However, some students worked out solutions to mitigate this issue in their prompting strategies:

“Once I started to learn the system… I told Tic Bot, ‘Please stay within the scope.’”

(Focus Group Participant)

Theme 3: Tool-Specific Learning Affordances and Limitations

Julia – Realistic Practice with Interaction Challenges

Students valued Julia’s consultation simulation capabilities but identified significant interaction limitations:

“Sometimes when Julia starts talking, it’s just like, I have this, I have this and this… and it gets a little overwhelming.”
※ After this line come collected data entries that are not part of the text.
definition prodR :: "'k::field \<Rightarrow> nat \<Rightarrow> (nat \<times> nat \<Rightarrow> 'k) \<Rightarrow> (nat \<times> nat \<Rightarrow> 'k) \<Rightarrow> (nat \<times> nat \<Rightarrow> 'k)" where
  "prodR q n v w = lin_app (mRb n) (lin_app (mRa q) (tvec v w))"

primrec powR :: "'k::field \<Rightarrow> nat \<Rightarrow> (nat \<times> nat \<Rightarrow> 'k) \<Rightarrow> nat \<Rightarrow> (nat \<times> nat \<Rightarrow> 'k)" where
  "powR q n v 0 = bas (0, 0)"
| "powR q n v (Suc m) = prodR q n v (powR q n v m)"

definition gR :: "'k::field \<Rightarrow> (nat \<times> nat \<Rightarrow> 'k) \<Rightarrow> (nat \<times> nat \<Rightarrow> 'k)" where
  "gR q v = (\<lambda>(i, b). q powi (2 * (int b - int i)) * v (i, b))"

text \<open>The H-action a^R, as the composite of the seven maps of the context
  (applied right to left), on basis vectors h \<otimes> (x^i \<otimes> u^b).\<close>
definition st1 :: "'k::field \<Rightarrow> nat \<Rightarrow> nat \<times> nat \<times> nat \<Rightarrow> nat \<times> nat \<times> nat \<times> nat \<Rightarrow> 'k" where
  "st1 q n = (\<lambda>(h, i, b) (h1, h2, i', b'). dltH q n h (h1, h2) * kd i' i * kd b' b)"
definition st2 :: "'k::field \<Rightarrow> nat \<times> nat \<times> nat \<times> nat \<Rightarrow> nat \<times> nat \<times> nat \<times> nat \<Rightarrow> 'k" where
  "st2 q = (\<lambda>(h1, h2, i, b) (a1, a2, a3, b'). kd a1 h1 * psiHH q (h2, i) (a2, a3) * kd b' b)"
definition st3 :: "'k::field \<Rightarrow> nat \<Rightarrow> nat \<times> nat \<times> nat \<times> nat \<Rightarrow> nat \<times> nat \<times> nat \<times> nat \<Rightarrow> 'k" where
  "st3 q n = (\<lambda>(h1, i, h2, b) (c1, c2, c3, b'). mulH n (h1, i) c1 * dltH q n h2 (c2, c3) * kd b' b)"
definition st4 :: "'k::field \<Rightarrow> nat \<times> nat \<times> nat \<times> nat \<Rightarrow> nat \<times> nat \<times> nat \<times> nat \<Rightarrow> 'k" where
  "st4 q = (\<lambda>(c1, c2, c3, b) (d1, d2, b', d3). kd d1 c1 * kd d2 c2 * psiHA q (c3, b) (b', d3))"
definition st5 :: "'k::field \<Rightarrow> nat \<Rightarrow> 'k \<Rightarrow> nat \<times> nat \<times> nat \<times> nat \<Rightarrow> nat \<times> nat \<times> nat \<Rightarrow> 'k" where
  "st5 q n \<gamma> = (\<lambda>(d1, d2, b, d3) (e1, b', e3). kd e1 d1 * actA q \<gamma> (d2, b) b' * antipH q n d3 e3)"
definition st6 :: "'k::field \<Rightarrow> nat \<times> nat \<times> nat \<Rightarrow> nat \<times> nat \<times> nat \<Rightarrow> 'k" where
  "st6 q = (\<lambda>(e1, b, e3) (f1, f2, b'). kd f1 e1 * psiAH q (b, e3) (f2, b'))"
definition st7 :: "nat \<Rightarrow> nat \<times> nat \<times> nat \<Rightarrow> nat \<times> nat \<Rightarrow> 'k::field" where
  "st7 n = (\<lambda>(f1, f2, b) (g, b'). mulH n (f1, f2) g * kd b' b)"

definition aR :: "'k::field \<Rightarrow> nat \<Rightarrow> 'k \<Rightarrow> nat \<Rightarrow> (nat \<times> nat \<Rightarrow> 'k) \<Rightarrow> (nat \<times> nat \<Rightarrow> 'k)" where
  "aR q n \<gamma> h v = lin_app (st7 n) (lin_app (st6 q) (lin_app (st5 q n \<gamma>)
     (lin_app (st4 q) (lin_app (st3 q n) (lin_app (st2 q)
       (lin_app (st1 q n) (tvec (hvec n h) v)))))))"

text \<open>Coaction delta^R = Delta \<otimes> Id_A : H \<otimes> A \<rightarrow> H \<otimes> (H \<otimes> A).\<close>
definition deltaR :: "'k::field \<Rightarrow> nat \<Rightarrow> (nat \<times> nat \<Rightarrow> 'k) \<Rightarrow> (nat \<times> nat \<times> nat \<Rightarrow> 'k)" where
  "deltaR q n v = lin_app (\<lambda>(i, b) (h, i', b'). dltH q n i (h, i') * kd b' b) v"

section \<open>k-algebras as rings with a central ring homomorphism from k\<close>

definition central_hom :: "('k::field \<Rightarrow> 'b::ring_1) \<Rightarrow> bool" where
  "central_hom \<phi> \<longleftrightarrow> (\<forall>a c. \<phi> (a + c) = \<phi> a + \<phi> c) \<and> (\<forall>a c. \<phi> (a * c) = \<phi> a * \<phi> c)
     \<and> \<phi> 1 = 1 \<and> (\<forall>a x. \<phi> a * x = x * \<phi> a)"

definition R_alg_hom :: "'k::field \<Rightarrow> nat \<Rightarrow> ('k \<Rightarrow> 'b::ring_1) \<Rightarrow> ((nat \<times> nat \<Rightarrow> 'k) \<Rightarrow> 'b) \<Rightarrow> bool" where
  "R_alg_hom q n \<phi> f \<longleftrightarrow>
     (\<forall>v\<in>Rcar n. \<forall>w\<in>Rcar n. f (\<lambda>p. v p + w p) = f v + f w)
   \<and> (\<forall>c. \<forall>v\<in>Rcar n. f (smul c v) = \<phi> c * f v)
   \<and> (\<forall>v\<in>Rcar n. \<forall>w\<in>Rcar n. f (prodR q n v w) = f v * f w)
   \<and> f (bas (0, 0)) = 1"

end

theory Submission
  imports Defs
begin

(* In the basis x^i (x) u^b of R_B(A_gamma) the product only involves the braiding of u^b past x^j:
   (x^i (x) u^b)(x^j (x) u^d) = q^(-2bj) x^(i+j) (x) u^(b+d), which is 0 as soon as i + j >= n.
   So y^i u^b = x^i (x) u^b, y^n = 0 and u y = q^(-2) y u.  If Y, U in a k-algebra satisfy the same
   relations, then U^b Y^j = q^(-2bj) Y^j U^b, so sending x^i (x) u^b to Y^i U^b is multiplicative;
   it is the only algebra map with y -> Y and u -> U because y and u generate.
   The remaining identities are evaluated on the generators, using only Delta(x) = 1 (x) x + x (x) 1,
   S(x) = -x, x.1 = 0 and x.u = gamma. *)

section \<open>Finitely supported vectors and linear maps\<close>

definition fin_supp :: "('a \<Rightarrow> 'k::zero) \<Rightarrow> bool" where
  "fin_supp v \<longleftrightarrow> finite {p. v p \<noteq> 0}"
(* Suppose $EX>0$ and $(X,W)$ satisfies Cramér's condition. Then $T$ is arithmetic on $\mathbb{Z}$ and $(\tilde X,\tilde W)$ is strongly nonlattice with $T$.
   Context: Let $(X,W)$ be a random vector with $X\in\mathbb{R}$, $W\in\mathbb{R}^m$, and $\{(X_n,W_n)\}_{n\ge0}$ the random walk with $(X_0,W_0)=(0,0)$ and i.i.d. increments distributed as $(X,W)$. Cramér's condition: $\limsup_{|(\xi_1,\xi_2)|\to\infty}|Ee^{i(\xi_1X+\xi_2\cdot W)}|<1$. Let $T=\inf\{n:X_n>0\}$, $\tilde X=X_T$, $\tilde W=W_T$. $T$ is arithmetic on $\mathbb{Z}$ if $P(T\in\mathbb{Z})=1$ but $P(T\in B)<1$ for every proper subgroup $B$ of $\mathbb{Z}$. $(\tilde X,\tilde W)$ is strongly nonlattice with $T$ if $\liminf_{\xi_1^2+|\xi_2|^2\to\infty}\inf_{-\pi<\xi_3<\pi}|1-Ee^{i\xi_1\tilde X+i\xi_2\cdot\tilde W+i\xi_3T}|>0$. *)

theory Defs
  imports "HOL-Probability.Probability"
begin

definition walk :: "(nat \<Rightarrow> 'a \<Rightarrow> real \<times> (real ^ 'm)) \<Rightarrow> nat \<Rightarrow> 'a \<Rightarrow> real \<times> (real ^ 'm)" where
  "walk Z n \<omega> = (\<Sum>k<n. Z k \<omega>)"

definition ladder_finite :: "(nat \<Rightarrow> 'a \<Rightarrow> real \<times> (real ^ 'm)) \<Rightarrow> 'a \<Rightarrow> bool" where
  "ladder_finite Z \<omega> \<longleftrightarrow> (\<exists>n. fst (walk Z n \<omega>) > 0)"

text \<open>T = inf{n : X_n > 0} (set to 0 on the event where it is infinite).\<close>
definition ladder_time :: "(nat \<Rightarrow> 'a \<Rightarrow> real \<times> (real ^ 'm)) \<Rightarrow> 'a \<Rightarrow> nat" where
  "ladder_time Z \<omega> = (if ladder_finite Z \<omega> then (LEAST n. fst (walk Z n \<omega>) > 0) else 0)"

definition ladder_height :: "(nat \<Rightarrow> 'a \<Rightarrow> real \<times> (real ^ 'm)) \<Rightarrow> 'a \<Rightarrow> real \<times> (real ^ 'm)" where
  "ladder_height Z \<omega> = walk Z (ladder_time Z \<omega>) \<omega>"

definition int_subgroup :: "int set \<Rightarrow> bool" where
  "int_subgroup B \<longleftrightarrow> 0 \<in> B \<and> (\<forall>a\<in>B. \<forall>b\<in>B. a + b \<in> B) \<and> (\<forall>a\<in>B. - a \<in> B)"

definition arithmetic_on_Z :: "'a measure \<Rightarrow> ('a \<Rightarrow> bool) \<Rightarrow> ('a \<Rightarrow> nat) \<Rightarrow> bool" where
  "arithmetic_on_Z M fin T \<longleftrightarrow>
     measure M {\<omega> \<in> space M. fin \<omega>} = 1 \<and>
     (\<forall>B. int_subgroup B \<and> B \<noteq> UNIV \<longrightarrow> measure M {\<omega> \<in> space M. fin \<omega> \<and> int (T \<omega>) \<in> B} < 1)"

definition cramer_condition :: "'a measure \<Rightarrow> ('a \<Rightarrow> real \<times> (real ^ 'm)) \<Rightarrow> bool" where
  "cramer_condition M Z0 \<longleftrightarrow>
     Limsup at_infinity (\<lambda>\<xi> :: real \<times> (real ^ 'm).
        ereal (cmod (LINT \<omega>|M. cis (fst \<xi> * fst (Z0 \<omega>) + snd \<xi> \<bullet> snd (Z0 \<omega>))))) < 1"

definition strongly_nonlattice_with :: "'a measure \<Rightarrow> ('a \<Rightarrow> real \<times> (real ^ 'm)) \<Rightarrow> ('a \<Rightarrow> nat) \<Rightarrow> bool" where
  "strongly_nonlattice_with M H T \<longleftrightarrow>
     Liminf at_infinity (\<lambda>\<xi> :: real \<times> (real ^ 'm).
        INF t \<in> {-pi<..<pi}. ereal (cmod (1 - (LINT \<omega>|M.
           cis (fst \<xi> * fst (H \<omega>) + snd \<xi> \<bullet> snd (H \<omega>) + t * real (T \<omega>)))))) > 0"

end

theory Submission
  imports Defs
begin

text \<open>
  If X_1 > 0, an event of positive probability because E X > 0, then T = 1; since 1 generates
  the integers, T is arithmetic. T is finite almost surely by a weak law of large numbers:
  truncating X to [-L, K], Hoeffding's inequality controls the bounded part and Markov's
  inequality the lower tail.

  For the nonlattice property, split the walk S_n = (X_n, W_n) at the first time its height X_n
  attains its maximum over {0..n}. Time reversal and independence turn this into the
  Wiener--Hopf factorisation
    (1 - E[s^T e^(i \<xi>\<cdot>S_T)]) (1 - E[s^T' e^(i \<xi>\<cdot>S_T')]) = 1 - s \<phi>(\<xi>)   for |s| < 1,
  where T' is the first weak descending ladder epoch and \<phi> the characteristic function of
  (X, W). The second factor has modulus at most 2; letting s tend radially to e^(i t) gives
  1 - |\<phi>(\<xi>)| \<le> 2 |1 - E e^(i (\<xi>\<cdot>S_T + t T))|, and Cramer's condition keeps |\<phi>(\<xi>)|
  below some \<kappa> < 1 for large \<xi>.
\<close>

section \<open>Paths, ladder epochs and the first maximum\<close>

lemma sum_lessThan_shift:
  fixes f :: "nat \<Rightarrow> 'v::ab_group_add"
  shows "(\<Sum>k<m. f (j + k)) = (\<Sum>k<j + m. f k) - (\<Sum>k<j. f k)"
  by (induction m) (simp_all add: algebra_simps)

lemma sum_lessThan_reverse:
  fixes f :: "nat \<Rightarrow> 'v::ab_group_add"
  assumes "m \<le> j"
  shows "(\<Sum>k<m. f (j - Suc k)) = (\<Sum>k<j. f k) - (\<Sum>k<j - m. f k)"
  using assms
proof (induction m)
  case (Suc m)
  then have "j - m = Suc (j - Suc m)" by simp
  with Suc show ?case by simp
qed simp

lemma first_argmax_ex1:
  fixes s :: "nat \<Rightarrow> 'a::linorder"
  shows "\<exists>!j. j \<le> n \<and> (\<forall>i<j. s i < s j) \<and> (\<forall>i\<in>{j<..n}. s i \<le> s j)"
proof -
  define is_max where "is_max j \<longleftrightarrow> j \<le> n \<and> (\<forall>i\<le>n. s i \<le> s j)" for j
  have "\<exists>j. is_max j"
  proof -
    have "Max (s ` {..n}) \<in> s ` {..n}" by (rule Max_in) auto
    then obtain j where "j \<le> n" "Max (s ` {..n}) = s j" by blast
    then show ?thesis unfolding is_max_def by (metis Max_ge atMost_iff finite_atMost finite_imageI imageI)
  qed
  define j0 where "j0 = (LEAST j. is_max j)"
  have j0: "is_max j0" unfolding j0_def by (rule LeastI_ex) fact
  have j0_first: "s i < s j0" if "i < j0" for i
  proof -
    have "\<not> is_max i" using that not_less_Least unfolding j0_def by blast
    with j0 that obtain k where "k \<le> n" "s i < s k" unfolding is_max_def by (auto simp: not_le)
    with j0 show ?thesis unfolding is_max_def by (meson less_le_trans)
  qed
  have "j = j0" if "j \<le> n" "\<forall>i<j. s i < s j" "\<forall>i\<in>{j<..n}. s i \<le> s j" for j
  proof -
    have "\<not> j < j0"
    proof
      assume "j < j0"
      then have "s j0 \<le> s j" using that(3) j0 unfolding is_max_def by simp
      moreover have "s j < s j0" using \<open>j < j0\<close> by (rule j0_first)
      ultimately show False by simp
    qed
    moreover have "\<not> j0 < j"
    proof
      assume "j0 < j"
      then have "s j0 < s j" using that(2) by simp
      moreover have "s j \<le> s j0" using that(1) j0 unfolding is_max_def by simp
      ultimately show False by simp
    qed
    ultimately show ?thesis by simp
  qed
  moreover have "j0 \<le> n" "\<forall>i\<in>{j0<..n}. s i \<le> s j0" using j0 unfolding is_max_def by auto
  ultimately show ?thesis using j0_first by blast
qed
 (Focus Group Participants)

Further similar interaction challenges included:

“She would give so much information when I was like, not even there yet… she’ll just be already talking about, do you need my blood test level? Blood test results?” 

She was a bit impatient… you’d take a moment to think, and she’d go, ‘You there? You there?’”

(Focus Group Participants)

This led to the idea that Julia showed a lack of realism in behaviour:

“I wanted her to make me work harder for the information… we’re gonna get clients that are just like, ‘Yeah, I’m Sam,’ full stop.”

(Focus Group Participants)

Some students took the opportunity to take further control of their learning experience with Julia by making their own chatbots, or ElevenLabs agents, and training them to suit their needs, which helped to resolve some of the above issues. Their interaction with the agents allowed the students to improve their own agency and personalisation of learning:

“I used personality prompts to not speak over me or to provide any information until I ask – that was the game changer.”

(Focus Group Participant)

Students rated Julia’s clinical preparation value between 4-7 out of 10, with higher ratings from more advanced users who learnt to customise interactions.

Notebook LM – Efficiency Gains with Engagement Variability

Notebook LM demonstrated the most dramatic efficiency improvements but with highly variable learning outcomes based on usage approach:

“Rather than sitting on my desk for three hours after my typical day, it only took me like, less than 15 or 10 minutes to upload everything and listen to it” 

(Focus Group Participant)

It also helped students to prepare for their interactive workshops:

“I use it pretty much every single day… it helps me to interact in class, rather than figuring out what the workshop is about.”

(Focus Group Participant)

However, students mentioned they were sometimes distracted by the podcast itself:

“Sometimes the man would say half a sentence, and then the lady would say the other half… I was listening to the change of the voice rather than the actual content.”

(Focus Group Participant)

Furthermore, other ideas emerged about what was covered in the podcast versus the workshop:

“After the workshop… I was like, wait a second, this wasn’t covered in the summary in the Notebook LM podcast.”

(Focus Group Participant)

Active engagement (note-taking whilst listening) produced learning ratings of 8/10, whilst passive engagement (multitasking) resulted in ratings of 2-4/10:

“Using it at the gym was not successful… I would zone out and I’d be like, ‘Oh, I think that was really important'”

(Focus Group Participant)

Tic Bot – Information Depth vs. Curriculum Alignment

Tic Bot provided comprehensive information but created curriculum alignment challenges. Students developed prompting strategies to manage information appropriateness:

“What I told Tic Bot was like, ‘Please stay within the scope’… only explain this concept to me, and don’t explain other concepts outside what is not irrelevant” 

(Focus Group Participant)

Theme 4: Diverse Engagement and Personalised Learning

Description: Students reported that individual differences in how they engaged with AI tools influenced learning effectiveness. This theme underscores the importance of providing multiple modes of engagement (audio, text, interactive) to accommodate diverse learning needs.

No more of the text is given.